[Start of Attachment]

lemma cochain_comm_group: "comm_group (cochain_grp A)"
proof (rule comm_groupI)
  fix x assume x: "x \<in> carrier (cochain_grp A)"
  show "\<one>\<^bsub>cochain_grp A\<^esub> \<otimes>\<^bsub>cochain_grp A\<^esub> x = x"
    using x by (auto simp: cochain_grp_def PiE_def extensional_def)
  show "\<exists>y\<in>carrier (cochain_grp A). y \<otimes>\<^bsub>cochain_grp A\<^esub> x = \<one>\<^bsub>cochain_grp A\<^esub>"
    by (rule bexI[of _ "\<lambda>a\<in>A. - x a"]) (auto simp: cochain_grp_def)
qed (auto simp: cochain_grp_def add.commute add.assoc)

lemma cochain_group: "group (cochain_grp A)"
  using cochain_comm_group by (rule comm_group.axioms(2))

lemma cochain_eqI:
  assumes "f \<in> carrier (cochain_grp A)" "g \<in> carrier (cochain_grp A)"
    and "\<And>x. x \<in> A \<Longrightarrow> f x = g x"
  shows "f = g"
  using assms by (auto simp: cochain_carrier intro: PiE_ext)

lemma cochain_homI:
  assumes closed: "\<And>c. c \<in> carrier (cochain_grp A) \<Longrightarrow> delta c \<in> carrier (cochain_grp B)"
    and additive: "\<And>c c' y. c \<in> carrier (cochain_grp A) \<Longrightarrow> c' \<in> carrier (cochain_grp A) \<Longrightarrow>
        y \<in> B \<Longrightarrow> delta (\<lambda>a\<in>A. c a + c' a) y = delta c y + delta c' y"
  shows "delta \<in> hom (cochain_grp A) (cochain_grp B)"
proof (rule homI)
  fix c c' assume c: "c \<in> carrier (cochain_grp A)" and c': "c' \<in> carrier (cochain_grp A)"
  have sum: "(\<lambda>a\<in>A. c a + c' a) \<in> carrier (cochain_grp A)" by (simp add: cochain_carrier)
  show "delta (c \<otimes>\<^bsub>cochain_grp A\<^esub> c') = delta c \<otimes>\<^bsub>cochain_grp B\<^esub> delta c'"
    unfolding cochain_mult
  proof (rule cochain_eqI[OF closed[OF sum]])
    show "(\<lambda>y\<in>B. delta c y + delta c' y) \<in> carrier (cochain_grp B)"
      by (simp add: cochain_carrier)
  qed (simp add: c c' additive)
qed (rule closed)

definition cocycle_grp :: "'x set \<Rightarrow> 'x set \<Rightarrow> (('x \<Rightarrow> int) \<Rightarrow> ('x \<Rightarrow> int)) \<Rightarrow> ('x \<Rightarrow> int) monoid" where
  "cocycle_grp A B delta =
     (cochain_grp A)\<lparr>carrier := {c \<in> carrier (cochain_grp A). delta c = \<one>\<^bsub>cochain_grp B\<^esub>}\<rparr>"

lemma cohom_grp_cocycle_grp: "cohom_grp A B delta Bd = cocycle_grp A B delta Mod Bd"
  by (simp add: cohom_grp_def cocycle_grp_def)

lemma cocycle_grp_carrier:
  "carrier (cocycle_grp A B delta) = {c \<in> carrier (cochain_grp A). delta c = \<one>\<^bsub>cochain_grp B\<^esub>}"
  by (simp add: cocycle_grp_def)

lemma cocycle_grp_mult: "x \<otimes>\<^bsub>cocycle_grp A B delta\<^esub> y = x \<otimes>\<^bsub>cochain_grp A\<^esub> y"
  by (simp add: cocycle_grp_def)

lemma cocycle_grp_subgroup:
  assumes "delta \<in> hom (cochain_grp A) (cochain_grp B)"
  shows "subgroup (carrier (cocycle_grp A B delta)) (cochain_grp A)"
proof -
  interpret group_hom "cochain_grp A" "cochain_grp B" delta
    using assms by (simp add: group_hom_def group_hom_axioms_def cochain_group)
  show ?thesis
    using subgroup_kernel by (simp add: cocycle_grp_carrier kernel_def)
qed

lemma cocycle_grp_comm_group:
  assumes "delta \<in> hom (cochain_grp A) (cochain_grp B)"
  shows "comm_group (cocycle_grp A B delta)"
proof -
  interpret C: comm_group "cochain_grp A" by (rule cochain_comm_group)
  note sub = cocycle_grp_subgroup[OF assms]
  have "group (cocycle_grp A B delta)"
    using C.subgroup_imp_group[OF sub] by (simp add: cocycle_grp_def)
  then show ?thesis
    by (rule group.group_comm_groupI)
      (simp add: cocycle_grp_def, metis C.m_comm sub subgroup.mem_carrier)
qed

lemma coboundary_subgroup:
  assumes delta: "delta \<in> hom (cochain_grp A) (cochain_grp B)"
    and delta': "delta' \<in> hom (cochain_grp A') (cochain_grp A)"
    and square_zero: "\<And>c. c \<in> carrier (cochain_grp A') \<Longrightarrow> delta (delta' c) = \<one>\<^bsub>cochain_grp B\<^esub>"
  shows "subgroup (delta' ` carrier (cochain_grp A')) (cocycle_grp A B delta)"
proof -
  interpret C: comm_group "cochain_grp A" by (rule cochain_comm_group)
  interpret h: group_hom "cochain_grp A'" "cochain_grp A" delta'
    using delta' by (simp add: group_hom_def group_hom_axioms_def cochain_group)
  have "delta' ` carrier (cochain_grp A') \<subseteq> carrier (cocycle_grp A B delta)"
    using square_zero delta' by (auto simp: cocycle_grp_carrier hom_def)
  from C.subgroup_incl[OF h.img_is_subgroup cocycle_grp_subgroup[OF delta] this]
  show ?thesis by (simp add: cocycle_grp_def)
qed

[End of Attachment]
[Start of Attachment]

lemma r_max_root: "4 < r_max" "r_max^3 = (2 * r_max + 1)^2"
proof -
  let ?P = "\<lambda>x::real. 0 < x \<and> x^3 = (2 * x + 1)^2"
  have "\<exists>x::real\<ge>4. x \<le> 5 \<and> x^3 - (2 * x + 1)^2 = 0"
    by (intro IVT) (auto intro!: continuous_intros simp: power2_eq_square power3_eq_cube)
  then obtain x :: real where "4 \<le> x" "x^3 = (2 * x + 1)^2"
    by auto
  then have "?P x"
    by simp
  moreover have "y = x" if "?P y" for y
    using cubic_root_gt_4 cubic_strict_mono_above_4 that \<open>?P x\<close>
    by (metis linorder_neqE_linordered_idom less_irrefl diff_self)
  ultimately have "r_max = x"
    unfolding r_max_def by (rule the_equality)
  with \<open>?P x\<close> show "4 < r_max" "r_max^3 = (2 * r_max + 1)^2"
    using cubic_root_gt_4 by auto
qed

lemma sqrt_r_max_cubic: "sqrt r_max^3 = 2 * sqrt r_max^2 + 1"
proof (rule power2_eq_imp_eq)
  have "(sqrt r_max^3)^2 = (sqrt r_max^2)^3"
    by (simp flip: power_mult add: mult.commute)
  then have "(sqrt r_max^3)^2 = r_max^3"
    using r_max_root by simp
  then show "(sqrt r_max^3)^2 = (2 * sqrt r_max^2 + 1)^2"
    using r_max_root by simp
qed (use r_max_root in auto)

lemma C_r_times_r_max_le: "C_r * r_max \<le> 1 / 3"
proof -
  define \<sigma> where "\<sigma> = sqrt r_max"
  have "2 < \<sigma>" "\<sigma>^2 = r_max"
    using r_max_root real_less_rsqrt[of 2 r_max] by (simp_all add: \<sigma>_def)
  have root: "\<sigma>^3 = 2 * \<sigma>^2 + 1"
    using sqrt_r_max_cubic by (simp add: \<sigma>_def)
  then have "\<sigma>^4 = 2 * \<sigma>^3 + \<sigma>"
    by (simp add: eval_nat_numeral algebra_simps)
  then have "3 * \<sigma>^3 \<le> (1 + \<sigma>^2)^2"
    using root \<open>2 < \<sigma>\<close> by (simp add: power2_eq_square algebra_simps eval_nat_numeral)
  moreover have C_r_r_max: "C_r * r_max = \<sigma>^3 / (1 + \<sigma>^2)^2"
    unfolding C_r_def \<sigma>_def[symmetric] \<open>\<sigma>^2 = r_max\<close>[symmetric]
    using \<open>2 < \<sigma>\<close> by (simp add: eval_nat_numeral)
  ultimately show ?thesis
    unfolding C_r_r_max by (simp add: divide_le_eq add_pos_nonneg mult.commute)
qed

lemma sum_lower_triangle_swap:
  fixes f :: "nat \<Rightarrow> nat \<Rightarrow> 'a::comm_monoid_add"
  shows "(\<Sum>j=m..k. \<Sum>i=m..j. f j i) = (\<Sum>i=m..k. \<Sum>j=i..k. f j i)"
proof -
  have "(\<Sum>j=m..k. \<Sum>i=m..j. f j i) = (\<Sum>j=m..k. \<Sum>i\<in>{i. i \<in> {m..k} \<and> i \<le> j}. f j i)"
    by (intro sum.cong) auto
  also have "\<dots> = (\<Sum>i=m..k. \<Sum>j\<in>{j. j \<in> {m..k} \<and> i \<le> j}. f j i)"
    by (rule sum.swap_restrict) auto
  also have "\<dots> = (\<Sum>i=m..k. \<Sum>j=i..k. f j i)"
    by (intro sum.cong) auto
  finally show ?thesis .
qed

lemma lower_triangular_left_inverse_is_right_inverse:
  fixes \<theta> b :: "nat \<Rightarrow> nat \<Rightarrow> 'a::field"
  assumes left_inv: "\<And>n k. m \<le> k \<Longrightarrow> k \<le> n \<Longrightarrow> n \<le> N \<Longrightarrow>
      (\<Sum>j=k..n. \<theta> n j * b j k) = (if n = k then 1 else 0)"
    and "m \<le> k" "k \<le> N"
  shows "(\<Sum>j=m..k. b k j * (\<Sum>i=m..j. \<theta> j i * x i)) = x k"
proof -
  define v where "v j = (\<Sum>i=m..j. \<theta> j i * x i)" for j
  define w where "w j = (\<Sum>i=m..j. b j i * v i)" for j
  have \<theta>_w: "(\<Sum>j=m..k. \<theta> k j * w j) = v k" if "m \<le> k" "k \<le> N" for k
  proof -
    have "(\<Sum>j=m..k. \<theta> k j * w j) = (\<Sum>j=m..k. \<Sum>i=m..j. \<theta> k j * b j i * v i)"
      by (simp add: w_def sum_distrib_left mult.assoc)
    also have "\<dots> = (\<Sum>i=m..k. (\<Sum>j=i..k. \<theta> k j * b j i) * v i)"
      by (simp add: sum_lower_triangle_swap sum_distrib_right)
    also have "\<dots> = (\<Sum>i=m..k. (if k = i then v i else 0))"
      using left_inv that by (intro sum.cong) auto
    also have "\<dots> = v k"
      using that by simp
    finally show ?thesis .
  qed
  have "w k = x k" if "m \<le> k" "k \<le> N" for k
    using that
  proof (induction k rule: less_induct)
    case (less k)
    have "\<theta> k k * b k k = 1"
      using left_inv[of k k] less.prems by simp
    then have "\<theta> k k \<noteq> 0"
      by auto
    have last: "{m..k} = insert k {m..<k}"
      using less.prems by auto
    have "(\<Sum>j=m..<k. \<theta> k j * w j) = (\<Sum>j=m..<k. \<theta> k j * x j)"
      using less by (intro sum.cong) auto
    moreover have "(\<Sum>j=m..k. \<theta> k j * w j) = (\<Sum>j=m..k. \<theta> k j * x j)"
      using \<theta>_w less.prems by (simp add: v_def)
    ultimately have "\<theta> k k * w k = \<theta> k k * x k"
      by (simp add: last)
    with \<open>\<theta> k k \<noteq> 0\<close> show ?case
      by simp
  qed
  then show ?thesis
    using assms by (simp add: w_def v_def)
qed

[End of Attachment]

**WHAT IS EXPECTED**
Within the entries above, how many lines include the word "additive"? Respond with the number only.

**RESPONSE AREA**
2